About 150 people are currently waiting on Texas Death Row. Four have executions scheduled before the end of 2026.
A new podcast explores what can happen in the weeks ahead of an execution date.
“The Last 12 Weeks” focuses on the case of convicted killer David Wood. But podcast host Maurice Chammah says it’s not out to prove Wood’s guilt or innocence.
“The idea was to kind of see the system on the inside from the perspective of the participants in it,” Chammah said.
Chammah is a reporter with The Marshall Project and collaborated with The New York Times to put together the podcast. He has spent years covering the death penalty and has noticed the scramble of reporting that happens in the final days before an execution.
“Sometimes it would seem like there was this big emergency, like Kim Kardashian was proclaiming that, say, Rodney Reed was innocent or John Grisham was talking about the Robert Roberson case. And you start to wonder, well, how could it be that there are all of these emergencies even after these cases have been going on for years?” Chammah said.
He says the idea for this podcast started to formulate when he received an invitation from Wood’s defense lawyers.
“So what developed was this ask of, ‘Well, can we follow you around and really embed with the defense team and watch the work up close?’” Chammah said.
The answer was yes. So Chammah and his producer Alvin Melathe joined the defense team on Zoom calls and accompanied them on investigative trips to El Paso.
“Something that surprised me was how much investigating goes on at the last minute,” Chammah said. “And I don’t think that it’s that the lawyers were negligent earlier. It’s that the finality of an execution really makes you just turn every page one more time.”
He said they spent a lot of time with defense lawyers in this final scramble.
“So they were knocking on doors of a lot of long-shot people that frankly, to me, seemed very far from the facts at hand. But then it turns out that some of those people have bombshell disclosures that seem really important and that end up going in these final appeals to the state courts,” Chammah said.
But, he said, the goal was to give listeners a sort of “360 view” of a death penalty case.
“We spent a lot of time with the mother of one of the victims in the David Wood case. I met a lot of other victim families. The lead detective in the case, who was adamant that he was guilty,” Chammah said.
David Wood was sentenced to death in 1993 for the murders of six El Paso-area women and girls in the late 1980s. Their bodies were found in the desert near the city, so Wood became known as “The Desert Killer.”

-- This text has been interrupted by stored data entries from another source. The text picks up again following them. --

(* For all $i,j\in I$, in $\mathbb{C}((x))[[\hbar]]$, $$\kappa_{i,j}(-x)\kappa_{j,i}(x)^{-1}\cdot\frac{x-a_{i,j}\hbar}{x+a_{i,j}\hbar}=\tilde g_{j,i}(e^{-x})^{-1}=\tilde g_{i,j}(e^x),\qquad \kappa_{i,j}(x-2\hbar)=\kappa_{j,i}(-x).$$
   Context: $A=(a_{i,j})_{i,j\in I}$ is a Cartan matrix of type $A$, $D$ or $E$ (symmetric, $a_{i,i}=2$, off-diagonal entries in $\{0,-1\}$); $\mu$ is a permutation of $I$ with $a_{\mu(i),\mu(j)}=a_{i,j}$, $N$ its order, $\xi=e^{2\pi i/N}$. $q=e^\hbar$. For $n\in\mathbb Z$, $[n]_v=\frac{v^n-v^{-n}}{v-v^{-1}}$ (Laurent polynomial in $v$), and $[n]_{q^{\partial_x}}$ is this Laurent polynomial in the operator $q^{\partial_x}=e^{\hbar\partial_x}$, with $q^{m\partial_x}g(x)=g(x+m\hbar)$ expanded in nonnegative powers of $\hbar$. $\vartheta_0(x)=\log\frac{e^{x/2}-e^{-x/2}}{x}$ and $\vartheta_k(x)=\log\frac{\xi^ke^{x/2}-e^{-x/2}}{\xi^k-1}$ for $0\neq k\in\mathbb{Z}_N$, all in $x\mathbb{C}[[x]]$. $\kappa_{i,j}(x)=\exp\big(\sum_{k\in\mathbb{Z}_N}[a_{\mu^k(i),j}]_{q^{\partial_x}}q^{\partial_x}\vartheta_k(x)\big)\in\mathbb{C}[[x,\hbar]]$; $\kappa_{i,j}(x-2\hbar)$ means $e^{-2\hbar\partial_x}\kappa_{i,j}(x)$. $\tilde g_{i,j}(y)=\prod_{k\in\mathbb{Z}_N}\frac{q^{a_{\mu^k(i),j}}-\xi^{-k}y}{1-\xi^{-k}q^{a_{\mu^k(i),j}}y}$, and $\tilde g_{i,j}(e^{\pm x})$ denotes the element of $\mathbb{C}((x))[[\hbar]]$ obtained by substituting $y=e^{\pm x}$, $q=e^\hbar$ and expanding (the denominators are invertible in $\mathbb{C}((x))[[\hbar]]$); $\frac{x-a\hbar}{x+a\hbar}$ is expanded in nonnegative powers of $\hbar$. *)

theory Defs
  imports "HOL-Analysis.Analysis" "HOL-Computational_Algebra.Formal_Laurent_Series"
begin

text \<open>C[[x]] = complex fps (variable x).
  C[[x,h]] = complex fps fps : outer variable h (hbar), coefficients in C[[x]].
  C((x))[[h]] = complex fls fps : outer variable h, coefficients in C((x)).\<close>

definition cartan_ADE :: "('i::finite \<Rightarrow> 'i \<Rightarrow> int) \<Rightarrow> bool" where
  "cartan_ADE A \<longleftrightarrow>
     (\<forall>a b. A a b = A b a) \<and> (\<forall>a. A a a = 2) \<and>
     (\<forall>a b. a \<noteq> b \<longrightarrow> A a b \<in> {0, -1}) \<and>
     \<comment> \<open>finite type: positive definite\<close>
     (\<forall>v::'i \<Rightarrow> real. (\<exists>a. v a \<noteq> 0) \<longrightarrow> (\<Sum>a\<in>UNIV. \<Sum>b\<in>UNIV. v a * of_int (A a b) * v b) > 0) \<and>
     \<comment> \<open>indecomposable (connected Dynkin diagram)\<close>
     (\<forall>S. S \<noteq> {} \<and> S \<noteq> UNIV \<longrightarrow> (\<exists>a\<in>S. \<exists>b. b \<notin> S \<and> A a b \<noteq> 0))"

Chammah says he believes “The Last 12 Weeks” aimed to capture something never before tracked in audio.
“The one moment that really sticks out to me is that these lawyers actually approach the mother of one of the victims. And she has been adamant for 30 years that David Wood murdered her daughter. And the lawyers are just as convinced that David Wood is innocent and they try to make the case to her,” Chammah said. “And that’s just the kind of intimate, uncomfortable, complex scenario that plays out sometimes, but there’s almost never a journalist, much less a microphone in the room.”
The impact of these life-and-death cases on everyone touched by them is one aspect of the podcast he hopes listeners will key in on.
“I also hope that people take away how much happenstance and kind of human error and even arbitrariness can show up in death penalty cases,” Chammah said.
“There were so many moments where it felt like the course of this case, the life-and-death stakes, were turning on these random small moments in the field — whether somebody answers a door, whether someone feels comfortable sharing a memory… And I hope people come away understanding that for all of this big philosophical debate about whether we have the death penalty and whether it’s right or wrong, that the system we have is actually an extremely human system that is marked, really at every turn, by human frailties in some way.”
Since the 12 weeks of “The Last 12 Weeks” are in the past, listeners might know, or could easily learn, what happened to David Wood as his execution date approached. Chammah says how listeners approach that information is up to them.
“It’s a question of whether you want to know the end and then follow the podcast to understand how it got to the end, or you want to take the ride along with us,” Chammah said.